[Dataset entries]
lemma has_derivative_line:
  "((\<lambda>t. y + t *s h) has_derivative (\<lambda>s. s *s (h::complex^'n::finite))) (at t)"
proof -
  have "linear (\<lambda>s::complex. s *s h)"
    by (rule linearI) (simp_all add: vec_eq_iff algebra_simps)
  then have "((\<lambda>t. t *s h) has_derivative (\<lambda>s. s *s h)) (at t)"
    by (simp add: linear_conv_bounded_linear bounded_linear_imp_has_derivative)
  then show ?thesis using has_derivative_add[OF has_derivative_const[of y]] by simp
qed

lemma continuous_on_axis_line: "continuous_on S (\<lambda>\<zeta>. y + axis j (\<zeta>::complex))"
proof -
  have "isCont (\<lambda>\<zeta>. y + axis j \<zeta>) \<zeta>" for \<zeta>
    using has_derivative_continuous[OF has_derivative_line[where y=y and h="axis j 1"]]
    by (simp add: axis_scale)
  then show ?thesis by (simp add: continuous_at_imp_continuous_on)
qed

definition cdiff :: "(complex^'n::finite \<Rightarrow> complex) \<Rightarrow> complex^'n \<Rightarrow> complex^'n \<Rightarrow> complex" where
  "cdiff g y h = (\<Sum>i\<in>UNIV. h$i * pd i g y)"

lemma cdiff_scale: "cdiff g y (c *s h) = c * cdiff g y h"
  by (simp add: cdiff_def sum_distrib_left algebra_simps)

lemma cdiff_add: "cdiff g y (h + k) = cdiff g y h + cdiff g y k"
  by (simp add: cdiff_def sum.distrib algebra_simps)

lemma cdiff_axis: "cdiff g y (axis j 1) = pd j g y"
  unfolding cdiff_def by (rule sum_axis_mult)

lemma complex_linear_eq_sum_axis:
  assumes "linear D" "\<And>c v. D (c *s v) = (c::complex) * D v"
  shows "D h = (\<Sum>i\<in>UNIV. h$i * D (axis i 1))"
proof -
  have "D h = D (\<Sum>i\<in>UNIV. h$i *s axis i 1)" by (simp add: basis_expansion)
  also have "\<dots> = (\<Sum>i\<in>UNIV. D (h$i *s axis i 1))" by (rule linear_sum[OF assms(1)])
  also have "\<dots> = (\<Sum>i\<in>UNIV. h$i * D (axis i 1))" using assms(2) by simp
  finally show ?thesis .
qed

lemma has_field_derivative_along_line:
  fixes g :: "complex^'n::finite \<Rightarrow> complex"
  assumes "(g has_derivative D) (at (y + t *s h))" "\<And>c v. D (c *s v) = c * D v"
  shows "((\<lambda>t. g (y + t *s h)) has_field_derivative D h) (at t)"
proof -
  have "(\<lambda>s. s * D h) = (*) (D h)" by (auto simp: fun_eq_iff mult.commute)
  then show ?thesis
    unfolding has_field_derivative_def
    using has_derivative_compose[OF has_derivative_line assms(1)] assms(2) by simp
qed

lemma cholo_on_has_derivative:
  assumes "cholo_on g U" "y \<in> U"
  shows "(g has_derivative cdiff g y) (at y)"
proof -
  obtain D where D: "(g has_derivative D) (at y)" "\<And>c v. D (c *s v) = c * D v"
    using assms unfolding cholo_on_def by blast
  have pd: "pd i g y = D (axis i 1)" for i
  proof -
    have "((\<lambda>t. g (y + t *s axis i 1)) has_field_derivative D (axis i 1)) (at 0)"
      by (rule has_field_derivative_along_line) (use D in auto)
    then show ?thesis unfolding pd_def by (simp add: axis_scale DERIV_imp_deriv)
  qed
  have "linear D"
    using D(1) has_derivative_bounded_linear bounded_linear.linear by blast
  then have "D = cdiff g y"
    by (intro ext) (subst complex_linear_eq_sum_axis[of D, OF _ D(2)], simp_all add: cdiff_def pd)
  then show ?thesis using D by simp
qed

lemma cholo_on_line_derivative:
  assumes "cholo_on g U" "y + t *s h \<in> U"
  shows "((\<lambda>t. g (y + t *s h)) has_field_derivative cdiff g (y + t *s h) h) (at t)"
  by (rule has_field_derivative_along_line[OF cholo_on_has_derivative[OF assms]])
    (simp add: cdiff_scale)

lemma cholo_on_axis_line_derivative:
  assumes "cholo_on g U" "y + axis j t \<in> U"
  shows "((\<lambda>t. g (y + axis j t)) has_field_derivative pd j g (y + axis j t)) (at t)"
  using cholo_on_line_derivative[OF assms(1), of y t "axis j 1"] assms(2)
  by (simp add: axis_scale cdiff_axis)

lemma cholo_on_imp_continuous_on: "cholo_on g U \<Longrightarrow> continuous_on U g"
  by (intro continuous_at_imp_continuous_on ballI has_derivative_continuous[OF cholo_on_has_derivative])

lemma holomorphic_on_ball_of_derivatives:
  fixes \<phi> :: "complex \<Rightarrow> complex"
  assumes "\<And>t. norm t \<le> \<rho> \<Longrightarrow> (\<phi> has_field_derivative \<phi>' t) (at t)"
  shows "continuous_on (cball 0 \<rho>) \<phi>" "\<phi> holomorphic_on ball 0 \<rho>"
proof -
  show "continuous_on (cball 0 \<rho>) \<phi>"
    using assms by (intro continuous_at_imp_continuous_on ballI DERIV_isCont) auto
  show "\<phi> holomorphic_on ball 0 \<rho>"
    unfolding holomorphic_on_def field_differentiable_def
  proof
    fix t :: complex assume "t \<in> ball 0 \<rho>"
    then show "\<exists>f'. (\<phi> has_field_derivative f') (at t within ball 0 \<rho>)"
      using assms[of t] has_field_derivative_at_within by fastforce
  qed
qed

lemma Cauchy_integral_norm_bound:
  assumes int: "(f has_contour_integral (2 * pi * \<i> * X)) (circlepath 0 \<rho>)"
    and "\<rho> > 0" "B \<ge> 0" and bound: "\<And>\<zeta>. norm \<zeta> = \<rho> \<Longrightarrow> norm (f \<zeta>) \<le> B"
  shows "norm X \<le> B * \<rho>"
proof -
  have "norm (2 * pi * \<i> * X) \<le> B * (2 * pi * \<rho>)"
    using assms by (intro has_contour_integral_bound_circlepath[OF int]) auto
  then have "2 * pi * norm X \<le> 2 * pi * (B * \<rho>)"
    by (simp add: norm_mult algebra_simps)
  then show ?thesis using pi_gt_zero by (simp only: mult_le_cancel_left_pos[of "2 * pi"])
qed

lemma Cauchy_taylor2_bound:
  fixes \<phi> :: "complex \<Rightarrow> complex"
  assumes cont: "continuous_on (cball 0 \<rho>) \<phi>" and hol: "\<phi> holomorphic_on ball 0 \<rho>"
    and rho: "\<rho> \<ge> 2" and M: "\<And>u. norm u = \<rho> \<Longrightarrow> norm (\<phi> u) \<le> M"
  shows "norm (\<phi> 1 - \<phi> 0 - deriv \<phi> 0) \<le> 2 * M / \<rho>^2"
proof -
  have M0: "0 \<le> M" using M[of "of_real \<rho>"] rho by (auto intro: order_trans[OF norm_ge_zero])
  have i1: "((\<lambda>u. \<phi> u / (u - 1)) has_contour_integral (2 * of_real pi * \<i> * \<phi> 1)) (circlepath 0 \<rho>)"
    by (rule Cauchy_integral_circlepath[OF cont hol]) (use rho in simp)
  have i0: "((\<lambda>u. \<phi> u / (u - 0)) has_contour_integral (2 * of_real pi * \<i> * \<phi> 0)) (circlepath 0 \<rho>)"
    by (rule Cauchy_integral_circlepath[OF cont hol]) (use rho in simp)
  have i2: "((\<lambda>u. \<phi> u / (u - 0) ^ Suc 1) has_contour_integral ((2 * pi * \<i>) / (fact 1) * (deriv ^^ 1) \<phi> 0))
      (circlepath 0 \<rho>)"
    by (rule Cauchy_has_contour_integral_higher_derivative_circlepath[OF cont hol]) (use rho in simp)
  have "((\<lambda>u. \<phi> u / (u^2 * (u - 1))) has_contour_integral
      (2 * pi * \<i> * (\<phi> 1 - \<phi> 0 - deriv \<phi> 0))) (circlepath 0 \<rho>)"
  proof (rule has_contour_integral_eq)
    show "((\<lambda>u. \<phi> u / (u - 1) - \<phi> u / (u - 0) - \<phi> u / (u - 0) ^ Suc 1) has_contour_integral
      (2 * pi * \<i> * (\<phi> 1 - \<phi> 0 - deriv \<phi> 0))) (circlepath 0 \<rho>)"
      using has_contour_integral_diff[OF has_contour_integral_diff[OF i1 i0] i2]
      by (simp add: algebra_simps)
    fix u assume "u \<in> path_image (circlepath 0 \<rho>)"
    then have "u \<noteq> 0" "u \<noteq> 1" using rho by auto
    then show "\<phi> u / (u - 1) - \<phi> u / (u - 0) - \<phi> u / (u - 0) ^ Suc 1 = \<phi> u / (u^2 * (u - 1))"
      by (simp add: field_simps power2_eq_square)
  qed
  moreover have "norm (\<phi> u / (u^2 * (u - 1))) \<le> 2 * M / \<rho>^3" if u: "norm u = \<rho>" for u
  proof -
    have "\<rho> - 1 \<le> norm (u - 1)" using norm_triangle_ineq2[of u 1] u by simp
    then have "\<rho>^2 * (\<rho> / 2) \<le> \<rho>^2 * norm (u - 1)" using rho by (intro mult_left_mono) auto
    then have "norm (\<phi> u) / (\<rho>^2 * norm (u - 1)) \<le> M / (\<rho>^2 * (\<rho> / 2))"
      using M[of u] u rho M0 by (intro frac_le) auto
    then show ?thesis
      using u by (simp add: norm_divide norm_mult norm_power power3_eq_cube power2_eq_square mult.commute)
  qed
  ultimately have "norm (\<phi> 1 - \<phi> 0 - deriv \<phi> 0) \<le> 2 * M / \<rho>^3 * \<rho>"
    using rho M0 by (intro Cauchy_integral_norm_bound) auto
  also have "\<dots> = 2 * M / \<rho>^2" using rho by (simp add: power3_eq_cube power2_eq_square)
  finally show ?thesis .
qed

[TASK REQUIREMENTS] If a line in the records contains "commute", report it.

[EXERCISE RESULT]
  have "(\<lambda>s. s * D h) = (*) (D h)" by (auto simp: fun_eq_iff mult.commute)
      using u by (simp add: norm_divide norm_mult norm_power power3_eq_cube power2_eq_square mult.commute)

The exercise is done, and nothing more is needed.